Но семья не распалась. Андрей твердо решил не покидать братьев и сестер. Он оставил даже мысль о женитьбе, пока не поставит на ноги всех, вплоть до младшей сестры. И вновь у раскрытого окна домика Глумовых можно было видеть средних сестер-школьниц, сидящих над книгами. Юноша лет шестнадцати, как и прежде, вышагивал по дороге в сельскохозяйственный техникум, и у ворот Глумовых не смолкали звонкие детские голоса. Внешне в этой семье ничего не изменилось. Остался тот же распорядок, та же заботливость друг о друге. Потруднее стало с питанием да с одеждой. Не получалось у них, как при отце. Но городской Совет серьезно помог этой семье.

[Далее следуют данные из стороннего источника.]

text \<open>Extend \<open>x \<in> \<real>\<^sup>n\<close> by zeros and let \<open>W j = x (j - k) + \<dots> + x j\<close>. Row \<open>i\<close> of
  \<open>A(n,k) x\<close> is \<open>W (i + k) - W i\<close>, so \<open>x\<close> lies in the kernel iff \<open>W j = p (j mod k)\<close> on
  \<open>[0, n + k)\<close> for some \<open>p\<close>. Conversely every \<open>p\<close> determines a sequence \<open>x\<close> through its
  prefix sums \<open>F j = p (j mod k) + F (j - k - 1)\<close>, and \<open>x\<close> vanishes on \<open>[n, n + k)\<close> iff \<open>F\<close> is
  constant on \<open>[n - 1, n + k)\<close>. Writing \<open>n + k = M (k + 1) + e\<close> with \<open>e \<le> k\<close>, this says that \<open>k + 1\<close> block
  sums of \<open>p\<close> agree: \<open>k\<close> linear relations, each identifying two values of \<open>p\<close> or killing one.

  For \<open>k = a + m b\<close>, \<open>e = a (m + 1)\<close> and \<open>M \<equiv> m (mod k)\<close> these relations identify \<open>p\<close> along
  the orbits of two shifts modulo \<open>k\<close>: one orbit runs into the killed value, each other one
  meets \<open>[0, m)\<close> exactly once. So the admissible \<open>p\<close>, and with them the kernel, form an
  \<open>m\<close>-dimensional space on which the first \<open>m\<close> prefix sums are coordinates. In the theorem
  \<open>n + k = m (k + 1) + a (m + 1)\<close>, and the representative of \<open>n\<close> chosen by \<open>N\<close> differs
  from \<open>n\<close> by a multiple of \<open>k\<^sup>2 + k\<close>, which changes \<open>M\<close> by a multiple of \<open>k\<close>.\<close>

section \<open>Dimension of a kernel from a biorthogonal family\<close>

context kernel
begin
(* Let $f$ be a non-negative multiplicative arithmetic function, let $\tau>0$ and let $B_f$ be any real constant; define $E_f(x)$ for $x\ge1$ by $$\sum_{n\le x}\frac{\Lambda_f(n)}{n}=\tau\log x+B_f+E_f(x).$$ Suppose there exist constants $D_-,D_+,x_0$ such that for every $x\ge x_0$, $$D_-\mu_f(x)\le B_f\mu_f(x)+\sum_{n\le x}\frac{f(n)}{n}E_f\!\left(\frac xn\right)\le D_+\mu_f(x).$$ Then for every $x>\max\{x_0,\exp(D_+)\}$, $$\frac{C_f}{\tau}\log^\tau x\,\frac{\left(1-\frac{D_+}{\log x}\right)^{\tau+1}}{1-\frac{D_-}{\log x}}\le\mu_f(x)\le\frac{C_f}{\tau}\log^\tau x\,\frac{\left(1-\frac{D_-}{\log x}\right)^{\tau+1}}{1-\frac{D_+}{\log x}},$$ where $C_f:=\frac1{\Gamma(\tau)}\lim_{s\to1+0}(s-1)^\tau L_f(s)$.
   Context: For a multiplicative $f$ (so $f(1)=1$): $L_f(s)=\sum_{n\ge1}f(n)n^{-s}$; $\mu_f(x)=\sum_{n\le x}f(n)/n$; $\Lambda_f$ is defined by $f(n)\log n=\sum_{d\mid n}f(d)\Lambda_f(n/d)$ for all $n\ge1$ (equivalently $-L_f'/L_f=\sum_n\Lambda_f(n)n^{-s}$ as formal Dirichlet series). $\Gamma$ is the gamma function. *)

theory Defs
  imports "HOL-Analysis.Analysis"
begin

definition multiplicative :: "(nat \<Rightarrow> real) \<Rightarrow> bool" where
  "multiplicative f \<longleftrightarrow> f 1 = 1 \<and> (\<forall>m n. coprime m n \<longrightarrow> f (m * n) = f m * f n)"

definition Lser :: "(nat \<Rightarrow> real) \<Rightarrow> real \<Rightarrow> real" where
  "Lser f s = (\<Sum>n. f (Suc n) / (real (Suc n)) powr s)"

definition muf :: "(nat \<Rightarrow> real) \<Rightarrow> real \<Rightarrow> real" where
  "muf f x = (\<Sum>n\<in>{1..nat \<lfloor>x\<rfloor>}. f n / real n)"

definition Ef :: "(nat \<Rightarrow> real) \<Rightarrow> real \<Rightarrow> real \<Rightarrow> real \<Rightarrow> real" where
  "Ef Lam tau B x = (\<Sum>n\<in>{1..nat \<lfloor>x\<rfloor>}. Lam n / real n) - tau * ln x - B"

end

theory Submission
  imports Defs "HOL-Real_Asymp.Real_Asymp"
begin

(* Let I(x) = sum_{n <= x} f(n)/n log(x/n) = integral_1^x mu_f(t) dt/t. Expanding Lambda_f by
   Dirichlet convolution turns the hypothesis into
     D_- mu_f(x) <= mu_f(x) log x - (1 + tau) I(x) <= D_+ mu_f(x),
   and since I' = mu_f / x this says that I(x) / (log x - D_+)^(1+tau) decreases while
   I(x) / (log x - D_-)^(1+tau) increases. A constant K separates the two ratios, and feeding
   K (log x - D_+)^(1+tau) <= I(x) <= K (log x - D_-)^(1+tau) back into the inequality bounds
   mu_f(x) with C_f / tau = (1 + tau) K. These bounds give mu_f(e^u) ~ (1 + tau) K u^tau, and the
   Abelian identity L_f(1 + s) = integral_0^oo mu_f(e^(v/s)) e^(-v) dv together with dominated
   convergence yields (s - 1)^tau L_f(s) -> Gamma(tau + 1) (1 + tau) K = Gamma(tau) C_f. *)

lemma le_nat_floor_iff:
  assumes "x \<ge> 0"
  shows "n \<le> nat \<lfloor>x\<rfloor> \<longleftrightarrow> real n \<le> x"
  using assms by (simp add: le_nat_iff le_floor_iff)

lemma nat_floor_divide_of_nat:
  assumes "x \<ge> 0"
  shows "nat \<lfloor>x / real d\<rfloor> = nat \<lfloor>x\<rfloor> div d"
proof -
  have "\<lfloor>x / real_of_int (int d)\<rfloor> = \<lfloor>x\<rfloor> div int d"
    by (rule floor_divide_real_eq_div) simp
  then show ?thesis
    using assms by (simp add: nat_div_distrib)
qed

lemma sum_divisors_reindex:
  fixes F :: "nat \<Rightarrow> nat \<Rightarrow> 'a::comm_monoid_add"
  shows "(\<Sum>n\<in>{1..N}. \<Sum>d | d dvd n. F d (n div d)) = (\<Sum>d\<in>{1..N}. \<Sum>m\<in>{1..N div d}. F d m)"
proof -
  have "(\<Sum>n\<in>{1..N}. \<Sum>d | d dvd n. F d (n div d)) =
        (\<Sum>(n, d)\<in>Sigma {1..N} (\<lambda>n. {d. d dvd n}). F d (n div d))"
    by (rule sum.Sigma) (auto intro: finite_divisors_nat)
  also have "\<dots> = (\<Sum>(d, m)\<in>Sigma {1..N} (\<lambda>d. {1..N div d}). F d m)"
  proof (rule sum.reindex_bij_witness[where i = "\<lambda>(d, m). (d * m, d)" and j = "\<lambda>(n, d). (d, n div d)"])
    fix b assume "b \<in> Sigma {1..N} (\<lambda>n. {d. d dvd n})"
    then obtain n d where b: "b = (n, d)" "1 \<le> n" "n \<le> N" "d dvd n" by auto
    then have "d \<le> n" "0 < d" by (auto intro: dvd_imp_le)
    with b show "(case case b of (n, d) \<Rightarrow> (d, n div d) of (d, m) \<Rightarrow> (d * m, d)) = b"
      "(case b of (n, d) \<Rightarrow> (d, n div d)) \<in> Sigma {1..N} (\<lambda>d. {1..N div d})"
      "(case case b of (n, d) \<Rightarrow> (d, n div d) of (d, m) \<Rightarrow> F d m) = (case b of (n, d) \<Rightarrow> F d (n div d))"
      by (auto simp: div_greater_zero_iff div_le_mono)
  next
    fix a assume "a \<in> Sigma {1..N} (\<lambda>d. {1..N div d})"
    then obtain d m where a: "a = (d, m)" "1 \<le> d" "1 \<le> m" "m \<le> N div d" by auto
    then have "d * m \<le> N" by (meson dual_order.trans mult_le_mono2 times_div_less_eq_dividend)
    with a show "(case case a of (d, m) \<Rightarrow> (d * m, d) of (n, d) \<Rightarrow> (d, n div d)) = a"
      "(case a of (d, m) \<Rightarrow> (d * m, d)) \<in> Sigma {1..N} (\<lambda>n. {d. d dvd n})"
      by auto
  qed
  also have "\<dots> = (\<Sum>d\<in>{1..N}. \<Sum>m\<in>{1..N div d}. F d m)"
    by (rule sum.Sigma[symmetric]) auto
  finally show ?thesis .
qed

lemma muf_nonneg:
  assumes "\<forall>n. f n \<ge> 0"
  shows "muf f x \<ge> 0"
  unfolding muf_def using assms by (intro sum_nonneg) auto
definition planar_drawing :: "('v \<times> 'v) set \<Rightarrow> ('v \<Rightarrow> complex) \<Rightarrow> bool" where
  "planar_drawing E p \<longleftrightarrow>
     (\<forall>a b c d. (a, b) \<in> E \<and> (c, d) \<in> E \<and> (a, b) \<noteq> (c, d) \<longrightarrow>
        closed_segment (p a) (p b) \<inter> closed_segment (p c) (p d) \<subseteq> {p a, p b} \<inter> {p c, p d})"

end

theory Submission
  imports Defs
begin

text \<open>
  Every edge of the subtree \<open>T\<^sub>c\<close>, and the edge entering \<open>c\<close>, points into the open sector
  of directions \<open>(a\<^sub>1(c), a\<^sub>2(c)) \<subseteq> (0, \<pi>)\<close>. So the projection onto the normal of any
  direction outside that sector is strictly monotone along every downward path through \<open>c\<close>, and
  the sectors of two siblings are separated by such a direction. For vertices \<open>x, y\<close> let \<open>w\<close> be the
  vertex where their root paths branch: going up from \<open>x\<close> to \<open>w\<close> and down to \<open>y\<close> is monotone with
  respect to the normal of a direction separating the two branches. The same projection shows that
  edges on different branches at \<open>w\<close> can only meet at \<open>w\<close>, while two edges on a common root path are
  separated by their height \<open>Im\<close>, which increases along every edge.
\<close>

lemma slope_eq_Arg2pi:
  assumes "a \<noteq> b"
  shows "slope a b = Arg2pi (b - a)"
  unfolding slope_def
proof (rule the_equality)
  show "0 \<le> Arg2pi (b - a) \<and> Arg2pi (b - a) < 2 * pi \<and>
      b - a = complex_of_real (cmod (b - a)) * cis (Arg2pi (b - a))"
    using Arg2pi[of "b - a"] Arg2pi_eq[of "b - a"] by (simp add: cis_conv_exp)
next
  fix \<theta> assume "0 \<le> \<theta> \<and> \<theta> < 2 * pi \<and> b - a = complex_of_real (cmod (b - a)) * cis \<theta>"
  then show "\<theta> = Arg2pi (b - a)"
    using assms by (intro Arg2pi_unique[symmetric, where r = "cmod (b - a)"]) (auto simp: cis_conv_exp)
qed

lemma inner_i_cis: "z \<bullet> (\<i> * cis \<gamma>) = cmod z * sin (Arg2pi z - \<gamma>)"
proof -
  have "Re z = cmod z * cos (Arg2pi z)" "Im z = cmod z * sin (Arg2pi z)"
    by (simp_all add: cos_Arg2pi sin_Arg2pi)
  then show ?thesis by (simp add: inner_complex_def sin_diff algebra_simps)
qed

lemma closed_segments_separated_by_hyperplane:
  fixes A B C D q d :: "'a::real_inner"
  assumes "A \<bullet> d \<le> t" "B \<bullet> d < t" "t \<le> C \<bullet> d" "t < D \<bullet> d"
    and "q \<in> closed_segment A B" "q \<in> closed_segment C D"
  shows "q = A \<and> q = C"
proof -
  obtain s where s: "0 \<le> s" "s \<le> 1" "q = (1 - s) *\<^sub>R A + s *\<^sub>R B"
    using assms(5) by (auto simp: closed_segment_def)
  obtain u where u: "0 \<le> u" "u \<le> 1" "q = (1 - u) *\<^sub>R C + u *\<^sub>R D"
    using assms(6) by (auto simp: closed_segment_def)
  have qs: "q \<bullet> d = (1 - s) * (A \<bullet> d) + s * (B \<bullet> d)"
    unfolding s(3) by (simp add: inner_add_left)
  have qu: "q \<bullet> d = (1 - u) * (C \<bullet> d) + u * (D \<bullet> d)"
    unfolding u(3) by (simp add: inner_add_left)
  have "q \<bullet> d \<le> (1 - s) * t + s * t"
    unfolding qs using assms(1,2) s(1,2) by (intro add_mono mult_left_mono) auto
  moreover have "q \<bullet> d < (1 - s) * t + s * t" if "0 < s"
    unfolding qs using assms(1,2) s(2) that by (intro add_le_less_mono mult_left_mono) auto
  moreover have "(1 - u) * t + u * t \<le> q \<bullet> d"
    unfolding qu using assms(3,4) u(1,2) by (intro add_mono mult_left_mono) auto
  moreover have "(1 - u) * t + u * t < q \<bullet> d" if "0 < u"
    unfolding qu using assms(3,4) u(2) that by (intro add_le_less_mono mult_left_mono) auto
  ultimately have "\<not> 0 < s" "\<not> 0 < u"
    by (auto simp: algebra_simps)
  then have "s = 0 \<and> u = 0"
    using s(1) u(1) by simp
  then show ?thesis using s(3) u(3) by simp
qed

Так и не вернулся Андрей после летних каникул в свой автодорожный институт. Перевелся на заочное отделение. Днем подрабатывал, а по вечерам садился за книги вместе с братьями и сестрами. По воскресеньям его частенько видели с младшими то в кино, то на стадионе. Так прошло несколько лет. Андрей уже работал инженером, брат получил профессию механика сельскохозяйственных машин и трудился в совхозе. Сестры тоже встали на ноги: одна работала фельдшерицей, другая – воспитательницей детского сада. Летом и младшие закончат восьмой класс, И они уже обсуждают вопрос, куда лучше пойти после восьмилетки. Вот теперь задумался Андрей и о собственной семье. Младших он так и так поставит на ноги. А старшие уже нашли дорогу в жизни.
Если бы на месте Андрея была девушка, окружающим такое отношение к семье не казалось бы удивительным. Но парень... И Андрея ставили в пример во многих семьях. А он смущался, когда речь об этом заходила при нем, и обычно говорил: «Да как же иначе? Я дал отцу клятву!»
Но разве дело в одной клятве? Мало ли дается честных слов, о которых забывают на следующий же день! Андрей беззаветно любил своего отца, во всем подражал ему с детства и усвоил не только внешние привычки, аккуратность, подтянутость, свойственные кадровому офицеру Глумову, но и отцовскую ответственность перед семьей. Когда отец овдовел, Андрей видел, как добр и терпелив он был с детьми. Мальчик был достаточно взрослым, чтобы понять, что отец не ищет отдельной личной жизни вне семьи. И юноша не сомневался, что это правильно, что так и должно быть. Я уверена, что если братьям или сестрам Андрея выпадет в жизни похожее испытание, они поступят точно так же, как поступили отец и старший брат!